Gogo Air is a provider of inflight communications including internet, text messaging, and other related services. Gogo currently partners with 11 major commercial airlines and the satellite provider Inmarsat to serve 80% of the airline market. Gogo has a preference for long-term contracts, typically 10 years, tying airlines into their service for a significant duration. The long-term contracts have been a major driver of increased market share over the past several years.
Gogo is excellent at applying the most relevant and economical technology to each flight they serve. International flights are best served by Inmarsat’s satellite technology and a majority of domestic flights are best served by Gogo’s wireless offerings.
Two months ago I probably would have written that Gogo is a digital loser as one of the most shorted stocks on the market and provider of weak service and reliant upon long-term contracts. But, with the recent FAA approval to install new hardware that will allow for 20x the bandwith offered previously, Gogo will not only continue to control a majority of the market, but will have a strong chance of contract renewal and positive customer reviews. Recent surveys have shown that frequent fliers have felt Gogo is both too expensive and too slow. With the 2KU hardware (offering the 20x current bandwith), major airlines are increasing the number of aircrafts that carry Gogo and partner hardware, which is a positive sign for revenue growth for Gogo.
Many investors cite massive capital expenditures on new equipment as unsustainable and a negative sign for Gogo, especially when examining the free cash flow generated by the business over the last 6 years. The free cash flow problem combined with the end of long-term contracts over the next few years drove many investors to short Gogo stock. However, with recent FAA approval of 2KU on flights, not only will revenue increase through new customers and expanded offerings to existing customers, but the likelihood of contract renewal for another 10 years increases significantly.
One of the major ways Gogo’s competition aims to compete is on price. Competing on service tends to be a better method than price in an industry with ever higher expectations for quality.
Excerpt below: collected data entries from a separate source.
lemma lmo_point_inner_le:
  assumes lmo: "is_lmo_point m n N g X t X'" and X: "X \<in> mat_space m n"
  shows "tr_inner m n g (blk_diff X' X) \<le> - t * dual_norm m n N g"
proof -
  have "0 \<le> t"
    using lmo X by (meson is_lmo_point_def is_norm_on_nonneg mat_space_blk_diff order_trans)
  moreover have "blk_diff X X = (\<lambda>r c. 0)"
    by (simp add: blk_diff_def)
  ultimately have stay: "tr_inner m n g X' \<le> tr_inner m n g X"
    using lmo X by (simp add: is_lmo_point_def is_norm_on_zero)
  from \<open>0 \<le> t\<close> consider "t = 0" | "0 < t" by linarith
  then show ?thesis
  proof cases
    case 1
    then show ?thesis using stay by (simp add: tr_inner_blk_diff_right)
  next
    case 2
    have "dual_norm m n N g \<le> tr_inner m n g (blk_diff X X') / t"
    proof (rule dual_norm_le)
      fix Z assume Z: "Z \<in> mat_space m n" "N Z \<le> 1"
      define Y where "Y = blk_add X (blk_scale (- t) Z)"
      have "blk_diff Y X = blk_scale (- t) Z"
        by (simp add: Y_def blk_diff_def blk_add_def blk_scale_def)
      then have "N (blk_diff Y X) \<le> t"
        using is_norm_on_scale[OF Z(1)] Z(2) 2 by (simp add: mult_left_le)
      moreover have "Y \<in> mat_space m n"
        using X Z by (simp add: Y_def mat_space_blk_add mat_space_blk_scale)
      ultimately have "tr_inner m n g X' \<le> tr_inner m n g Y"
        using lmo by (simp add: is_lmo_point_def)
      also have "\<dots> = tr_inner m n g X - t * tr_inner m n g Z"
        by (simp add: Y_def tr_inner_blk_add_right tr_inner_blk_scale_right)
      finally show "tr_inner m n g Z \<le> tr_inner m n g (blk_diff X X') / t"
        using 2 by (simp add: tr_inner_blk_diff_right pos_le_divide_eq algebra_simps)
    qed
    then have "t * dual_norm m n N g \<le> tr_inner m n g (blk_diff X X')"
      using 2 by (simp add: pos_le_divide_eq mult.commute)
    then show ?thesis by (simp add: tr_inner_blk_diff_right)
  qed
qed
(* Let $(a_n)_{n\ge1}$ be a non-negative sequence and define $b_n = \sum_{l=1}^n 2^{l-n}a_l$. If $\sum_{n=1}^\infty a_n < +\infty$, then $\liminf_{n\to\infty} n b_n = 0$. *)

theory Defs
  imports "HOL-Analysis.Analysis"
begin

end

theory Submission
  imports Defs
begin

(* With b n = sum_{l=1..n} 2^(l-n) a l one has b (n+1) = b n / 2 + a (n+1); summing this
   gives sum_{n<=N} b n <= 2 sum_n a n, so b is summable. A non-negative summable sequence
   cannot eventually exceed c/n for a fixed c > 0, as the harmonic series diverges;
   hence liminf n b n = 0. *)

definition halving_sum :: "(nat \<Rightarrow> real) \<Rightarrow> nat \<Rightarrow> real" where
  "halving_sum a n = (\<Sum>l=1..n. (2::real) powr (real l - real n) * a l)"

lemma halving_sum_0 [simp]: "halving_sum a 0 = 0"
  by (simp add: halving_sum_def)

lemma halving_sum_Suc: "halving_sum a (Suc n) = halving_sum a n / 2 + a (Suc n)"
proof -
  have "(\<Sum>l=1..n. (2::real) powr (real l - real (Suc n)) * a l)
      = (\<Sum>l=1..n. 2 powr (real l - real n) * a l) / 2"
    unfolding sum_divide_distrib by (rule sum.cong) (simp_all add: powr_diff powr_add)
  then show ?thesis
    by (simp add: halving_sum_def)
qed

lemma halving_sum_nonneg:
  assumes "\<And>n. n \<ge> 1 \<Longrightarrow> a n \<ge> 0"
  shows "halving_sum a n \<ge> 0"
  unfolding halving_sum_def by (intro sum_nonneg mult_nonneg_nonneg assms) auto

lemma sum_halving_sum_atMost:
  "sum (halving_sum a) {..N} + halving_sum a N = 2 * (\<Sum>i<N. a (Suc i))"
  by (induction N) (simp_all add: halving_sum_Suc)

lemma summable_halving_sum:
  assumes nonneg: "\<And>n. n \<ge> 1 \<Longrightarrow> a n \<ge> 0"
    and summ: "summable (\<lambda>n. a (Suc n))"
  shows "summable (halving_sum a)"
proof -
  have hs_nonneg: "halving_sum a n \<ge> 0" for n
    by (rule halving_sum_nonneg) (rule nonneg)
  show ?thesis
  proof (rule summableI_nonneg_bounded[where x = "2 * suminf (\<lambda>n. a (Suc n))"])
    fix n
    have "(\<Sum>i<n. halving_sum a i) \<le> sum (halving_sum a) {..n}"
      by (intro sum_mono2) (auto intro: hs_nonneg)
    also have "\<dots> \<le> 2 * (\<Sum>i<n. a (Suc i))"
      using sum_halving_sum_atMost[where a=a and N=n] hs_nonneg[of n] by linarith
    also have "\<dots> \<le> 2 * suminf (\<lambda>n. a (Suc n))"
      by (simp add: sum_le_suminf[OF summ] nonneg)
    finally show "(\<Sum>i<n. halving_sum a i) \<le> 2 * suminf (\<lambda>n. a (Suc n))" .
  qed (rule hs_nonneg)
qed

lemma summable_not_eventually_gt_inverse:
  fixes f :: "nat \<Rightarrow> real"
  assumes "summable f" and "c > 0"
  shows "\<not> eventually (\<lambda>n. c < real n * f n) sequentially"
proof
  assume "eventually (\<lambda>n. c < real n * f n) sequentially"
  then obtain N where N: "\<And>n. n \<ge> N \<Longrightarrow> c < real n * f n"
    unfolding eventually_sequentially by auto
  have "summable (\<lambda>n. c * inverse (real n))"
  proof (rule summable_comparison_test'[OF \<open>summable f\<close>, of "Suc N"])
    fix n assume "Suc N \<le> n"
    then have "real n > 0" and "c < real n * f n"
      using N[of n] by auto
    then show "norm (c * inverse (real n)) \<le> f n"
      using \<open>c > 0\<close> by (simp add: field_simps)
  qed
  then have "summable (\<lambda>n. inverse c * (c * inverse (real n)))"
    by (rule summable_mult)
  then have "summable (\<lambda>n. inverse (real n))"
    using \<open>c > 0\<close> by simp
  then show False
    using not_summable_harmonic[where 'a=real] by simp
qed

lemma liminf_real_mult_summable_eq_0:
  fixes f :: "nat \<Rightarrow> real"
  assumes nonneg: "\<And>n. f n \<ge> 0" and "summable f"
  shows "liminf (\<lambda>n. ereal (real n * f n)) = 0"
proof (rule antisym)
  show "liminf (\<lambda>n. ereal (real n * f n)) \<le> 0"
  proof (rule ccontr)
    assume "\<not> ?thesis"
    then obtain c :: real where "0 < c" "ereal c < liminf (\<lambda>n. ereal (real n * f n))"
      using ereal_dense2[of 0] by (metis ereal_less(2) leI less_ereal.simps(1))
    then have "eventually (\<lambda>n. c < real n * f n) sequentially"
      using less_LiminfD by fastforce
    with summable_not_eventually_gt_inverse[OF \<open>summable f\<close> \<open>0 < c\<close>] show False ..
  qed
  show "0 \<le> liminf (\<lambda>n. ereal (real n * f n))"
    by (rule Liminf_bounded) (simp add: nonneg)
qed

theorem lemma7:
  fixes a :: "nat \<Rightarrow> real"
  assumes nonneg: "\<And>n. n \<ge> 1 \<Longrightarrow> a n \<ge> 0"
    and summ: "summable (\<lambda>n. a (Suc n))"
  shows "liminf (\<lambda>n. ereal (real n * (\<Sum>l=1..n. (2::real) powr (real l - real n) * a l))) = 0"
  using liminf_real_mult_summable_eq_0[OF halving_sum_nonneg[of a, OF nonneg]
      summable_halving_sum[OF nonneg summ]]
  by (simp add: halving_sum_def)

end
It’s an industry that requires significant capital expenditures for the deployment of new/faster technology and sacrificing margin or cutting expenses on R&D aren’t realistic options.
Overall, Gogo has maintained technology offerings ahead of competitors and in line with expectations of most customers. Long-term contracts have prevented significant volatility expected in businesses with such high capital expenditures as new technologies are released. Critically, they aren’t tied to a single technological offering and understand the rise of satellite internet for airlines, evident in the partnership with Inmarsat. Gogo is a digital winner because of the relentless pursuit of market share, protected through long-term contracts and advanced technology.